Powell, appearing on three Sunday talk shows, said the Saudis knew they had to step up law enforcement efforts as well as cut off funding to groups that supported terrorists. "I am satisfied with what they have done so far," Powell said on "Fox News Sunday." "I think that there is more they can do. They can build up their forces. There's probably more we can do with respect to intelligence exchange, and we are working at all of these areas."

Sen. John D. "Jay" Rockefeller IV of West Virginia, the ranking Democrat on the Senate Intelligence Committee, said he believed that Saudi Arabia was Al Qaeda's next target.

"I don't think psychologically, over their 70-year history, they've been equipped to handle this kind of attack," Rockefeller said on CNN's "Late Edition with Wolf Blitzer."

Several U.S. counter-terrorism officials said Sunday that their Saudi counterparts had been far more cooperative in working together to root out Al Qaeda cells in the kingdom since May 12, 2003, when suicide bombers detonated car bombs at three housing complexes, killing at least 34 people.

In recent months, the U.S. officials said, Saudi authorities had been even more aggressive, declaring an all-out war on Islamic militants who appeared to be targeting the Saudi royal family.

In a memo posted to Lockheed employees on the defense and aerospace company's website, the firms' top executives said, "We are all deeply concerned and are working closely with officials of the U.S. and Saudi governments -- as well as Paul's family -- to monitor the situation and assist in whatever way possible."

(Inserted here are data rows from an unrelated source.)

lemma band_action_positionwise:
  fixes B :: "'a letter list" and n :: nat
  defines "E \<equiv> {(p, j). p < length B \<and> j < n}"
  assumes C: "C \<in> carrier_mat n n" and D: "D \<in> carrier_mat n n" and Q: "Q \<in> carrier_mat n n"
    and DQ: "D * Q = Q * C" and e: "e2 \<in> E" "e1 \<in> E"
  shows "(\<Sum>x\<in>E. band_action B D n al e2 x * positionwise (length B) n Q x e1)
    = (\<Sum>y\<in>E. positionwise (length B) n Q e2 y * band_action B C n al y e1)"
proof -
  obtain p2 j2 p1 j1 where pj: "e2 = (p2, j2)" "e1 = (p1, j1)"
    and bounds: "p2 < length B" "j2 < n" "p1 < length B" "j1 < n"
    using e unfolding E_def by auto
  define forward where "forward = (B!p1 = Dir al \<and> p2 = Suc p1 mod length B)"
  define backward where "backward = (B!p2 = Inv al \<and> p1 = Suc p2 mod length B)"
  have "(\<Sum>x\<in>E. band_action B D n al e2 x * positionwise (length B) n Q x e1)
      = (\<Sum>b<n. ((if forward then letter_block D p1 j2 b else 0)
          + (if backward then letter_block D p2 j2 b else 0)) * Q $$ (b, j1))"
    unfolding E_def pj sum_positionwise_right[OF bounds(3,4)] using bounds
    by (intro sum.cong refl) (simp add: band_action_def forward_def backward_def)
  also have "\<dots> = (if forward then (\<Sum>b<n. letter_block D p1 j2 b * Q $$ (b, j1)) else 0)
      + (if backward then (\<Sum>b<n. letter_block D p2 j2 b * Q $$ (b, j1)) else 0)"
    by (simp add: distrib_right sum.distrib)
  also have "\<dots> = (if forward then (\<Sum>b<n. Q $$ (j2, b) * letter_block C p1 b j1) else 0)
      + (if backward then (\<Sum>b<n. Q $$ (j2, b) * letter_block C p2 b j1) else 0)"
    using letter_block_commute[OF C D Q DQ bounds(2,4)] by simp
  also have "\<dots> = (\<Sum>b<n. Q $$ (j2, b) * ((if forward then letter_block C p1 b j1 else 0)
      + (if backward then letter_block C p2 b j1 else 0)))"
    by (simp add: distrib_left sum.distrib)
  also have "\<dots> = (\<Sum>y\<in>E. positionwise (length B) n Q e2 y * band_action B C n al y e1)"
    unfolding E_def pj sum_positionwise_left[OF bounds(1,2)] using bounds
    by (intro sum.cong refl) (simp add: band_action_def forward_def backward_def)
  finally show ?thesis .
qed

lemma mat_band_module_similar:
  assumes C: "C \<in> carrier_mat n n" and sim: "similar_mat C D"
  shows "rep_iso (mat_band_module s t B C n) (mat_band_module s t B D n)"
proof -
  obtain P Q where wit: "similar_mat_wit C D P Q" using sim unfolding similar_mat_def by blast
  from similar_mat_witD2[OF C wit] have D: "D \<in> carrier_mat n n"
    and P: "P \<in> carrier_mat n n" and Q: "Q \<in> carrier_mat n n"
    and PQ: "P * Q = 1\<^sub>m n" and QP: "Q * P = 1\<^sub>m n" and CPDQ: "C = P * D * Q" by auto
  have "Q * C = (Q * P) * (D * Q)"
    unfolding CPDQ using P D Q by (simp add: assoc_mult_mat[of _ n n _ n _ n])
  then have DQ: "D * Q = Q * C" using D Q unfolding QP by simp
  let ?E = "{(p, j). p < length B \<and> j < n}"
  show ?thesis unfolding rep_iso_def mat_band_module_def prod.case
  proof (rule exI[of _ "positionwise (length B) n Q"], rule exI[of _ "positionwise (length B) n P"],
      intro conjI)
    show "\<forall>e\<in>?E. \<forall>e'\<in>?E. (\<Sum>x\<in>?E. positionwise (length B) n Q e x * positionwise (length B) n P x e')
        = (if e = e' then 1 else 0)"
      by (intro ballI positionwise_inverse[OF Q P QP])
    show "\<forall>e\<in>?E. \<forall>e'\<in>?E. (\<Sum>x\<in>?E. positionwise (length B) n P e x * positionwise (length B) n Q x e')
        = (if e = e' then 1 else 0)"
      by (intro ballI positionwise_inverse[OF P Q PQ])
    show "\<forall>al. \<forall>e2\<in>?E. \<forall>e1\<in>?E. (\<Sum>x\<in>?E. band_action B D n al e2 x * positionwise (length B) n Q x e1)
        = (\<Sum>y\<in>?E. positionwise (length B) n Q e2 y * band_action B C n al y e1)"
      by (intro allI ballI band_action_positionwise[OF C D Q DQ])
  qed (auto dest!: positionwise_support)
qed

Johnson, 49, was working on a targeting system that enables Apache helicopter pilots "to fly at very low altitudes in total darkness and in poor weather" and destroy ground targets, according to Lockheed's website.

The Apache is a twin-engine attack helicopter developed for the U.S. Army and exported to Saudi Arabia and other U.S. allies.

"We don't know any more than anybody else," Jodie Johnson, the captive's daughter-in-law, said from her home in Cocoa Beach, Fla.

She said Johnson had worked in Saudi Arabia for Lockheed Martin for 10 years.

The avowed kidnappers had not made contact with U.S. or Saudi authorities, State Department spokesman Stuart Patt said.

Two months ago, in response to increased threats of terrorism, the State Department urged dependents of American nationals in Saudi Arabia to leave and issued a warning to travelers.

Times staff writer Josh Meyer contributed to this report.